> **RECORD SET**:

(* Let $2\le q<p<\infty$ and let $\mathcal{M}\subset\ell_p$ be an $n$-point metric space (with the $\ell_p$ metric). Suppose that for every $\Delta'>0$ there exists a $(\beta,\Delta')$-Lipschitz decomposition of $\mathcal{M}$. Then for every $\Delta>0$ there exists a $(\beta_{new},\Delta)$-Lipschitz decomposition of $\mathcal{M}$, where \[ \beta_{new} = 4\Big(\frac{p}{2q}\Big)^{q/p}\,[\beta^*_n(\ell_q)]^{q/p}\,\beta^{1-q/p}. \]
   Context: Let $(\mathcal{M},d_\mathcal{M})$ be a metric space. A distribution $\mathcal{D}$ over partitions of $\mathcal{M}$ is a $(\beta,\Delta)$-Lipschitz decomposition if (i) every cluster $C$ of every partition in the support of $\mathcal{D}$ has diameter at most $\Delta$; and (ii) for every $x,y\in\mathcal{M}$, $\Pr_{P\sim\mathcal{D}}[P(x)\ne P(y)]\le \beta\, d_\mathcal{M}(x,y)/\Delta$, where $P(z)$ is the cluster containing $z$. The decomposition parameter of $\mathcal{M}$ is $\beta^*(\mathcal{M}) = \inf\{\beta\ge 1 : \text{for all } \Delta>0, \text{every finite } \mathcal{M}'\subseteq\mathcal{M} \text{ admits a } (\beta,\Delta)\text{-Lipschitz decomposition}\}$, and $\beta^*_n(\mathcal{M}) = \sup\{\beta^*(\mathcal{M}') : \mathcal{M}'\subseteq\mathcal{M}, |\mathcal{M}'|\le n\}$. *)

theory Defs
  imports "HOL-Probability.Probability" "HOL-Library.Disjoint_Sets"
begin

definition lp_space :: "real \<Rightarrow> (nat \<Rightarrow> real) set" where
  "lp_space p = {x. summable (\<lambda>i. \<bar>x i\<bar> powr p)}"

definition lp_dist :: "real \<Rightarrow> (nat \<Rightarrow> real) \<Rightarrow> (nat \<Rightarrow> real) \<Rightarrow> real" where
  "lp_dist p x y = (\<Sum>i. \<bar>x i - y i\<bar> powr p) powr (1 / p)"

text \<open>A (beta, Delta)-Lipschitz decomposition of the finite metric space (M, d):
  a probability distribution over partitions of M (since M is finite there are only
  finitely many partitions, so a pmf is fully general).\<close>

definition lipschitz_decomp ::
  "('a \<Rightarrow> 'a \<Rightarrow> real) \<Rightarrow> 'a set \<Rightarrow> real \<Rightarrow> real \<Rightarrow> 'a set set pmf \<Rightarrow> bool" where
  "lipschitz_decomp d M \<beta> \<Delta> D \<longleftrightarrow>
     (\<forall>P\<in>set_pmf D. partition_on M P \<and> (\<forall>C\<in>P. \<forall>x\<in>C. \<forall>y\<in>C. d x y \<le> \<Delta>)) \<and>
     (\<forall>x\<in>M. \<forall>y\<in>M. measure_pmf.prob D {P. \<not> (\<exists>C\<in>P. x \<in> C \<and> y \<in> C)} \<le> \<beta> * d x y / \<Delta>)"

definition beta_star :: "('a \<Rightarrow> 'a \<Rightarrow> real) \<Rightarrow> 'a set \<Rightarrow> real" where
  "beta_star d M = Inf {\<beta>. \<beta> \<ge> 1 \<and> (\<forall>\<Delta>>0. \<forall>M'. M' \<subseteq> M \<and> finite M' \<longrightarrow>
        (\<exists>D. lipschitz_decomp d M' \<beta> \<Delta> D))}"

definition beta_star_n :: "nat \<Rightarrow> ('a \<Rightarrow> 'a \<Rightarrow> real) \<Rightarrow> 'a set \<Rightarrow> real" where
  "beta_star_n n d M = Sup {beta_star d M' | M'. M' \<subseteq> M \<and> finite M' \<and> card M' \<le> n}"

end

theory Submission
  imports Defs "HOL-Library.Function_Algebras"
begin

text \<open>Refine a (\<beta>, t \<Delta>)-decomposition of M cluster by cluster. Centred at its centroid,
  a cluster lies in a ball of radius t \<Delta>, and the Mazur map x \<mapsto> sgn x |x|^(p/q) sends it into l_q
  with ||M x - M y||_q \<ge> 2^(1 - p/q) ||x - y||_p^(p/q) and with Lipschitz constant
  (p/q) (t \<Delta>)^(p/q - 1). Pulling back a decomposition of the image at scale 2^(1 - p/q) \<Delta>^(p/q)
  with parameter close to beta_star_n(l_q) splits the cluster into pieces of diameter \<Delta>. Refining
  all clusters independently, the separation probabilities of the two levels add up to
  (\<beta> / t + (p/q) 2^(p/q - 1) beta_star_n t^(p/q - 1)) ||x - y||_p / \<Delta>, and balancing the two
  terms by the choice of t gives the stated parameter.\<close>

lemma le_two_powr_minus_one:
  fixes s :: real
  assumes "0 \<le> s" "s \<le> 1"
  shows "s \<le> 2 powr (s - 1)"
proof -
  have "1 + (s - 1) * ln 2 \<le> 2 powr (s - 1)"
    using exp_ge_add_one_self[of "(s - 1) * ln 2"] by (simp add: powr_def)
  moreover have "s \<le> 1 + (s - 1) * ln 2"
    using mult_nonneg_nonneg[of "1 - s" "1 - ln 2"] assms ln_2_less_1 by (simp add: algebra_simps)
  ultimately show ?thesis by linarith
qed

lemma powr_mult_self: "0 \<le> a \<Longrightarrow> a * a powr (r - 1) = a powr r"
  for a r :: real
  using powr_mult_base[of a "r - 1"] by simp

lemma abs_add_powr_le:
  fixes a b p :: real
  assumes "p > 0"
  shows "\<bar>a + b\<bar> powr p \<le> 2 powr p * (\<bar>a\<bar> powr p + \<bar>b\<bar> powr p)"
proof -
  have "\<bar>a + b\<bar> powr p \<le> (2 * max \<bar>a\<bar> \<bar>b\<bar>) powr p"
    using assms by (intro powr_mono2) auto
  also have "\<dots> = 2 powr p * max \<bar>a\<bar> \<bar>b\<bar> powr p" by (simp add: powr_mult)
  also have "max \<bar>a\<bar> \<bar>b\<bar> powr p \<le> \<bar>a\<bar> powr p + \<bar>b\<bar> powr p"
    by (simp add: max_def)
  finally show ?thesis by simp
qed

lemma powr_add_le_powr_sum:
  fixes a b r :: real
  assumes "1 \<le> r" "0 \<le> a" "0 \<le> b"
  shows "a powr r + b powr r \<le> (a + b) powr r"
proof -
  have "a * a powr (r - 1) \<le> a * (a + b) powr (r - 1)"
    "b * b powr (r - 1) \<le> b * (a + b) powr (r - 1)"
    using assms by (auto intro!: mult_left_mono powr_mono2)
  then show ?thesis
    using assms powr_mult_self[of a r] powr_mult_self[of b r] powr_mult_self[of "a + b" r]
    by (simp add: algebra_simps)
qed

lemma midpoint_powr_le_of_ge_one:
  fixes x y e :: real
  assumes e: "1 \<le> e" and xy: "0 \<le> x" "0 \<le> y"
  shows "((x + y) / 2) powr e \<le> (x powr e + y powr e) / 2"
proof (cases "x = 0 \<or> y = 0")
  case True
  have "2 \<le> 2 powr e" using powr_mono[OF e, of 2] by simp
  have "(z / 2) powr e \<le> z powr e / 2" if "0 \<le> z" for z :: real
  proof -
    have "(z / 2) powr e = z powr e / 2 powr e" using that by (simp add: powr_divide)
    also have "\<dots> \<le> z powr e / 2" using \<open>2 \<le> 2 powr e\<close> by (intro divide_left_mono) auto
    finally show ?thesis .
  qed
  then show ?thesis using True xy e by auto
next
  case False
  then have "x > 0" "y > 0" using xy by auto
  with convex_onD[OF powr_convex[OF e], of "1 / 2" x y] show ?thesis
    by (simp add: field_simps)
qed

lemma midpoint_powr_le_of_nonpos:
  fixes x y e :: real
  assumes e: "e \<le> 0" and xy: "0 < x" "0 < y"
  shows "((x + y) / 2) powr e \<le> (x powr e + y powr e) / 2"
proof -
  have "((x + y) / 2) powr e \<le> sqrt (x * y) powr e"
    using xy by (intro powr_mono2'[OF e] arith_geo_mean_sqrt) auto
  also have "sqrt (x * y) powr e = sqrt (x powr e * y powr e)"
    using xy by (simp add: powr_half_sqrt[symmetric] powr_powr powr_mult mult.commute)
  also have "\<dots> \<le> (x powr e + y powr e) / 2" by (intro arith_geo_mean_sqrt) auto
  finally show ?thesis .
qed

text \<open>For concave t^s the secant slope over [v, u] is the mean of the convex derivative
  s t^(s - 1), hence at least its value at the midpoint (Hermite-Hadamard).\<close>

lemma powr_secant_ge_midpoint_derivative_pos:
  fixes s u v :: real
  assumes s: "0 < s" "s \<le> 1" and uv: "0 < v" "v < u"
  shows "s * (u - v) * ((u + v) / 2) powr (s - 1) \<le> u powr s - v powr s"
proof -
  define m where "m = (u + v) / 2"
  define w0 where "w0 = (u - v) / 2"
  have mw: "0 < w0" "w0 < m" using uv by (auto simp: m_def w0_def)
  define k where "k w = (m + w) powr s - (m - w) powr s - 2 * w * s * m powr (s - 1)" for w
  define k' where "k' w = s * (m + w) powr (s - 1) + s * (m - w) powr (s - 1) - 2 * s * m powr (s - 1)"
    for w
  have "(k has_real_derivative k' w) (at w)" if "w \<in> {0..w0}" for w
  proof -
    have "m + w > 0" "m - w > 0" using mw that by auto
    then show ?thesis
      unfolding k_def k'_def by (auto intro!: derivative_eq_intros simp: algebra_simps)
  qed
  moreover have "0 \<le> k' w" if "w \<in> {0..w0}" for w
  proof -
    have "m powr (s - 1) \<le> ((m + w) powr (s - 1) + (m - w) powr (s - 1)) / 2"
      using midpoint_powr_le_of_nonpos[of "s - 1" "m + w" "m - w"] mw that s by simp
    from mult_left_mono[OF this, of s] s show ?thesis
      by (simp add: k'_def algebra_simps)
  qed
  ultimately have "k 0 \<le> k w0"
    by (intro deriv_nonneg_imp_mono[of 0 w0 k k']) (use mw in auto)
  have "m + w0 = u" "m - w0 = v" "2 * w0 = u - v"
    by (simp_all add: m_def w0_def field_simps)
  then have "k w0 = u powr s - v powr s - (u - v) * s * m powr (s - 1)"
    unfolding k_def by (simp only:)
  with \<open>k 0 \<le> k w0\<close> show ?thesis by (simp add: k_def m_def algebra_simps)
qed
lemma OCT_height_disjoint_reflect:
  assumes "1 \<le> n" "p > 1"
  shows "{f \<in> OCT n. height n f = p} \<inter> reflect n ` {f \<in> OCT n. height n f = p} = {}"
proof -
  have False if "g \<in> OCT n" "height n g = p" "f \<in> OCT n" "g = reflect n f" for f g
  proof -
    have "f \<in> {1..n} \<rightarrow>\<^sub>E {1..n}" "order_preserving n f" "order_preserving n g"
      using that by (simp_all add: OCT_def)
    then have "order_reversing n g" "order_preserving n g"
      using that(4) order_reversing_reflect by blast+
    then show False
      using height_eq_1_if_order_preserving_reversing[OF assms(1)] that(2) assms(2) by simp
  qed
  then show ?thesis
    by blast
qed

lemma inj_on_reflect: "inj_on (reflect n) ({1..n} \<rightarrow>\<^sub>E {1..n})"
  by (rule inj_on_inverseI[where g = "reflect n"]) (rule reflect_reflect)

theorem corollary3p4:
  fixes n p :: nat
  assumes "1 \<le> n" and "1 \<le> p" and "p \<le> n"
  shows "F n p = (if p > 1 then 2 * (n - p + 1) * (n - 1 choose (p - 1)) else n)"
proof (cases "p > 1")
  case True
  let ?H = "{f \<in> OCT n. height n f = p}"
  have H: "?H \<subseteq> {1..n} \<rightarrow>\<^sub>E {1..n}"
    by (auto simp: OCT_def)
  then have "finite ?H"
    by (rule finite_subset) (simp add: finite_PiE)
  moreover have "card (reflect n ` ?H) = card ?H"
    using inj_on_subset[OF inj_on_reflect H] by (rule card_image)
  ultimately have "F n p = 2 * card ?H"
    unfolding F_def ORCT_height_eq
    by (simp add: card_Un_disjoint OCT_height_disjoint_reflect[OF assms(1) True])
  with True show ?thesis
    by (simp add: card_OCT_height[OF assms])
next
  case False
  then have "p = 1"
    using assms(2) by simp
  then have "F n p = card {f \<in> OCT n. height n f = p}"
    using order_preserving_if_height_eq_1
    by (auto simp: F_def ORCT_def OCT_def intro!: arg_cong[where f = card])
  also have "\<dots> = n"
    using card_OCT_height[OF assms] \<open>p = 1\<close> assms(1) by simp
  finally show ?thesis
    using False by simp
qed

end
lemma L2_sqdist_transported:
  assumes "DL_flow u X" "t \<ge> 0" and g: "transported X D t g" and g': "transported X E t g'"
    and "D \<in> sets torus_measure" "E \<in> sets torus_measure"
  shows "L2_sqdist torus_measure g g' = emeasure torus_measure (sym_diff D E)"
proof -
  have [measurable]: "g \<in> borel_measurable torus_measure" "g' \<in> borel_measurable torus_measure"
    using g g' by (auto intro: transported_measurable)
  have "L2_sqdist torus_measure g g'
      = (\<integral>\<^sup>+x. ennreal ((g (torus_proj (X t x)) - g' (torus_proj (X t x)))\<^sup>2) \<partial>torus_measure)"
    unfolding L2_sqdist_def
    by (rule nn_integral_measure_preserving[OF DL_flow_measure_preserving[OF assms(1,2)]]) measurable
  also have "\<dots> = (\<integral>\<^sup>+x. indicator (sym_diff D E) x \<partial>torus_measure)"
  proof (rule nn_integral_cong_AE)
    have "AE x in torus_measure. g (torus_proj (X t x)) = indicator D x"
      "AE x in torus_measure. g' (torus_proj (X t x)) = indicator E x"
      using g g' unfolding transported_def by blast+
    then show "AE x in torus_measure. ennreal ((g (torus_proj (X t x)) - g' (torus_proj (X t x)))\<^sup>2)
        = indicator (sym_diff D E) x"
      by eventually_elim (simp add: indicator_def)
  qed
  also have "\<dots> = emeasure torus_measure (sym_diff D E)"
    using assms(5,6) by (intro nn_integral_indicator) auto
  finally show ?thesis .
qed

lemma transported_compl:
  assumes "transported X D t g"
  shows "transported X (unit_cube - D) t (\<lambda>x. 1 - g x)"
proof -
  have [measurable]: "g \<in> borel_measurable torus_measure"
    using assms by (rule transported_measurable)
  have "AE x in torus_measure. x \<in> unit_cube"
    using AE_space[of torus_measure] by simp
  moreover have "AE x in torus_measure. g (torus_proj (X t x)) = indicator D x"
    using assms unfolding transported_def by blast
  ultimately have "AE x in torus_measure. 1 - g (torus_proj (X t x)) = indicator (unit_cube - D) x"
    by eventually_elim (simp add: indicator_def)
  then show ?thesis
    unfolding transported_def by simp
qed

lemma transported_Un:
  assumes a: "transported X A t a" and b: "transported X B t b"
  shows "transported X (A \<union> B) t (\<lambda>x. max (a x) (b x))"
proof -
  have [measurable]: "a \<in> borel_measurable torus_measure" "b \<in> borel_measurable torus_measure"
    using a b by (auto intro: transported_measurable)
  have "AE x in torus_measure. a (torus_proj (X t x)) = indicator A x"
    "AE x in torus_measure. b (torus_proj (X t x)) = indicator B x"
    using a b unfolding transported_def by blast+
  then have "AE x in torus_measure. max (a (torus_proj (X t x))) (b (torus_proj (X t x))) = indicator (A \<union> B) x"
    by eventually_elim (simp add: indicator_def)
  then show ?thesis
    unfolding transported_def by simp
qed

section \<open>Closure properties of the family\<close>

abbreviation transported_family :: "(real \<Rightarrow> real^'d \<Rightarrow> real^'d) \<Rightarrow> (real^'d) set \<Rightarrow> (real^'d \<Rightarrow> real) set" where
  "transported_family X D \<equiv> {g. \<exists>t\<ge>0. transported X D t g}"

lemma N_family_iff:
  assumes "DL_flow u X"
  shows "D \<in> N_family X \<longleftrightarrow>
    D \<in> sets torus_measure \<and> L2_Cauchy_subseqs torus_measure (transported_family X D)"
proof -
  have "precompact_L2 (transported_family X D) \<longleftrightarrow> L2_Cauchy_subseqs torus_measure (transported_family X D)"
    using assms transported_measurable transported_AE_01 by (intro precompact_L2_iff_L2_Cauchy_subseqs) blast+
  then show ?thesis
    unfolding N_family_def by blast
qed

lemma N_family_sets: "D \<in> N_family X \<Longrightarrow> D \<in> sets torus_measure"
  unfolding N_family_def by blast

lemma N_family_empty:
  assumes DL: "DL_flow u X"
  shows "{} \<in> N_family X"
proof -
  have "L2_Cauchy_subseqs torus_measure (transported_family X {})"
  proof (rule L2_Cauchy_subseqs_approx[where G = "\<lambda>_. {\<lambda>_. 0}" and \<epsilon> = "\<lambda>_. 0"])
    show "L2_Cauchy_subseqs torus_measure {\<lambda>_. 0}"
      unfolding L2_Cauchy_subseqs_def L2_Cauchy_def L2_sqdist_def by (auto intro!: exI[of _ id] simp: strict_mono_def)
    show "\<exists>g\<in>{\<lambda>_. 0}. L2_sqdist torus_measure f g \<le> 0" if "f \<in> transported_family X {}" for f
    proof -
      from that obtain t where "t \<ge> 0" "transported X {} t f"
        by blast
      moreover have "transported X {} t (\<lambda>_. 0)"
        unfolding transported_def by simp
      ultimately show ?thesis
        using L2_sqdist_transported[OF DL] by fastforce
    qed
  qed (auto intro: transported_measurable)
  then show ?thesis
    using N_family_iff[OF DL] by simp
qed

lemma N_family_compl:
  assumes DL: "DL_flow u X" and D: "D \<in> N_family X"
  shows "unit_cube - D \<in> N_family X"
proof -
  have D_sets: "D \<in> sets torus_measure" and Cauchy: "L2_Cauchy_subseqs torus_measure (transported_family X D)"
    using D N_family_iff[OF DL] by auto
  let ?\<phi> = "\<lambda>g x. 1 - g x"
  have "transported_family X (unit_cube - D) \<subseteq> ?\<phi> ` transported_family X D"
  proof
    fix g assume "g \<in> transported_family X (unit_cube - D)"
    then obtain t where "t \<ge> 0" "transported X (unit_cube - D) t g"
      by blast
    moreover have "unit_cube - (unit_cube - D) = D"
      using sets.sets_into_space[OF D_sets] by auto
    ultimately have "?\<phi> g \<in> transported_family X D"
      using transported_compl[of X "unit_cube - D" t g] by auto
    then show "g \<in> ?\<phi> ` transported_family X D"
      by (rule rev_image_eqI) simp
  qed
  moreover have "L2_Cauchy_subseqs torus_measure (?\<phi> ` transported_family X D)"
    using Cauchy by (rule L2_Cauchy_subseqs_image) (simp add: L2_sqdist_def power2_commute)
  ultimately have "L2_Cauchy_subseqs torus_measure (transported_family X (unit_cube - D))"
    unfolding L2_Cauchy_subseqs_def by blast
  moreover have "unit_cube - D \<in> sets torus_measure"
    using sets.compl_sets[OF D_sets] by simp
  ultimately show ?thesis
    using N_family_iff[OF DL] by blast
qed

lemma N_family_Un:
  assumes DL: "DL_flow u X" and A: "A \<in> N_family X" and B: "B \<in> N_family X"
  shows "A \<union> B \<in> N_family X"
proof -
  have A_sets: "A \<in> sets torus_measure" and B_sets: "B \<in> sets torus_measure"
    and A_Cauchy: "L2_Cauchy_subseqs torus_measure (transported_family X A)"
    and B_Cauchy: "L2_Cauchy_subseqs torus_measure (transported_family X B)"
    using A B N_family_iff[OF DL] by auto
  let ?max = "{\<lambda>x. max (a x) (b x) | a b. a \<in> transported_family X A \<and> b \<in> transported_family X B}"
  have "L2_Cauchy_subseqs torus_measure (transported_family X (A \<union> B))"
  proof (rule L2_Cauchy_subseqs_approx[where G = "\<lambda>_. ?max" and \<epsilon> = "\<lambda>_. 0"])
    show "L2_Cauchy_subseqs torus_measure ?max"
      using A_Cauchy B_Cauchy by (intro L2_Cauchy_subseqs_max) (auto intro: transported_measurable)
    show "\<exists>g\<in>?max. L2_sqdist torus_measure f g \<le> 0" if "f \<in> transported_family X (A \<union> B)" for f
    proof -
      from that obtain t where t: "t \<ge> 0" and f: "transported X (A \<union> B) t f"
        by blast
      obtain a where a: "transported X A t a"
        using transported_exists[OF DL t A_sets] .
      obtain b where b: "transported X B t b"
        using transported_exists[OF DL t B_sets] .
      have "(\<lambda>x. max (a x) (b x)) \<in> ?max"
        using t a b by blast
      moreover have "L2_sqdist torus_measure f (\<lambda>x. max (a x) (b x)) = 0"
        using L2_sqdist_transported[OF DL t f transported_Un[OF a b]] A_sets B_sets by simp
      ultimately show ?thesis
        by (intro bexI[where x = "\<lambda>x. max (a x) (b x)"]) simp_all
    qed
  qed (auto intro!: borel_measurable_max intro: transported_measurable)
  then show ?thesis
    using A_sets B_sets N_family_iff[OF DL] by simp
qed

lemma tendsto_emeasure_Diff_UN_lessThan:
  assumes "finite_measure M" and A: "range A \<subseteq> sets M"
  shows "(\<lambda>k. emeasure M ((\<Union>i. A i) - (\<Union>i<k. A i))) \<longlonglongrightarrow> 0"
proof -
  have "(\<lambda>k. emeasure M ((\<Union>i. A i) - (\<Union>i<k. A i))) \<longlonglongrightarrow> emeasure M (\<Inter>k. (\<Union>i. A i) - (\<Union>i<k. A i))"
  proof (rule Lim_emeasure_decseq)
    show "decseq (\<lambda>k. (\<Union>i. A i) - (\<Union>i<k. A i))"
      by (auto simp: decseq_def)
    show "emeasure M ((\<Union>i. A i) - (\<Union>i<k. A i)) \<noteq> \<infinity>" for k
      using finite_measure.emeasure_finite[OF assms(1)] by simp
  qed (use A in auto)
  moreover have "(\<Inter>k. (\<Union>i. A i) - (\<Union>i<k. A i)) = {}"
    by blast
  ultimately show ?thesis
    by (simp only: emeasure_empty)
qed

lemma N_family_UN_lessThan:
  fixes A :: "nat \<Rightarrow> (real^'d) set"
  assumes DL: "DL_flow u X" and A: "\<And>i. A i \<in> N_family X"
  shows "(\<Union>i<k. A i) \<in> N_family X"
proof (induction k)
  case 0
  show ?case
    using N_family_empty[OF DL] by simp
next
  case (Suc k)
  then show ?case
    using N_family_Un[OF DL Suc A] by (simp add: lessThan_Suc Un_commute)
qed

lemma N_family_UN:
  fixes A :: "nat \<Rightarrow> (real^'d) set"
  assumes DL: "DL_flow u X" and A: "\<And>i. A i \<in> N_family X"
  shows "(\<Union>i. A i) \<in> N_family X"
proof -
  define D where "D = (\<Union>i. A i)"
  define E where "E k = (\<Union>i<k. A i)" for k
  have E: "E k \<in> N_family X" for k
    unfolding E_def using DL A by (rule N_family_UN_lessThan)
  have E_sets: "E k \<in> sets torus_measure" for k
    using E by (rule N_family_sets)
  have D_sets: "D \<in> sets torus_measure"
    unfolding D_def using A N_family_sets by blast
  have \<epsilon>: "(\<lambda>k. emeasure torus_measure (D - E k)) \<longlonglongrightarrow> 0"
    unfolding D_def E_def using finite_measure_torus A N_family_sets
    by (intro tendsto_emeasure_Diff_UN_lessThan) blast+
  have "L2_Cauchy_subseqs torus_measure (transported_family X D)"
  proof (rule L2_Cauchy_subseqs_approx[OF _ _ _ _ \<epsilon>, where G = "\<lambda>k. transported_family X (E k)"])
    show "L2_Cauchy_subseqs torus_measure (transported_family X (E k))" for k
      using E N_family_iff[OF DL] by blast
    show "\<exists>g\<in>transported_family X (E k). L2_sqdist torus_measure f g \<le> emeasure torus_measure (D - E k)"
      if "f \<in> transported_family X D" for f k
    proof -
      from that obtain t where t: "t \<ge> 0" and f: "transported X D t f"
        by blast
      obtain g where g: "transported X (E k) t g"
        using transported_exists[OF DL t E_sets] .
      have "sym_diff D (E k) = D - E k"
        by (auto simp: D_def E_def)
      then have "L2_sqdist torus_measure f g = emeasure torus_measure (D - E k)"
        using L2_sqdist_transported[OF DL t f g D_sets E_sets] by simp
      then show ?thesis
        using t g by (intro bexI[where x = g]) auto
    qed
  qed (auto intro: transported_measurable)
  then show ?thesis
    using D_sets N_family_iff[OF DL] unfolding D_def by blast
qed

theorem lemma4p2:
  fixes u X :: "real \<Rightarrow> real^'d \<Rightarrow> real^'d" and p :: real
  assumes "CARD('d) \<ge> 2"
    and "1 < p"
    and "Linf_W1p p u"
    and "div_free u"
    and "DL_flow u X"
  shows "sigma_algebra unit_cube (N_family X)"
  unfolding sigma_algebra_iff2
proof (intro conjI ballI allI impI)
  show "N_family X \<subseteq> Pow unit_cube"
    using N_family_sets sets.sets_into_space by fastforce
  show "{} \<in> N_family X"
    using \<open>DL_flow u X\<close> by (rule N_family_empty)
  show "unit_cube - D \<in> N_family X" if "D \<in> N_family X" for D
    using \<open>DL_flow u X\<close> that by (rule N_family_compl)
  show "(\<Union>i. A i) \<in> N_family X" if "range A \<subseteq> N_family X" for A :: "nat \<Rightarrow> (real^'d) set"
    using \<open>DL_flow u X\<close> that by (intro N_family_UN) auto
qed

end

> **TASK INSTRUCTIONS**: Looking at the records above, which lines contain "theorem"? Copy those lines.

> **RESULT**:
theorem corollary3p4:
theorem lemma4p2:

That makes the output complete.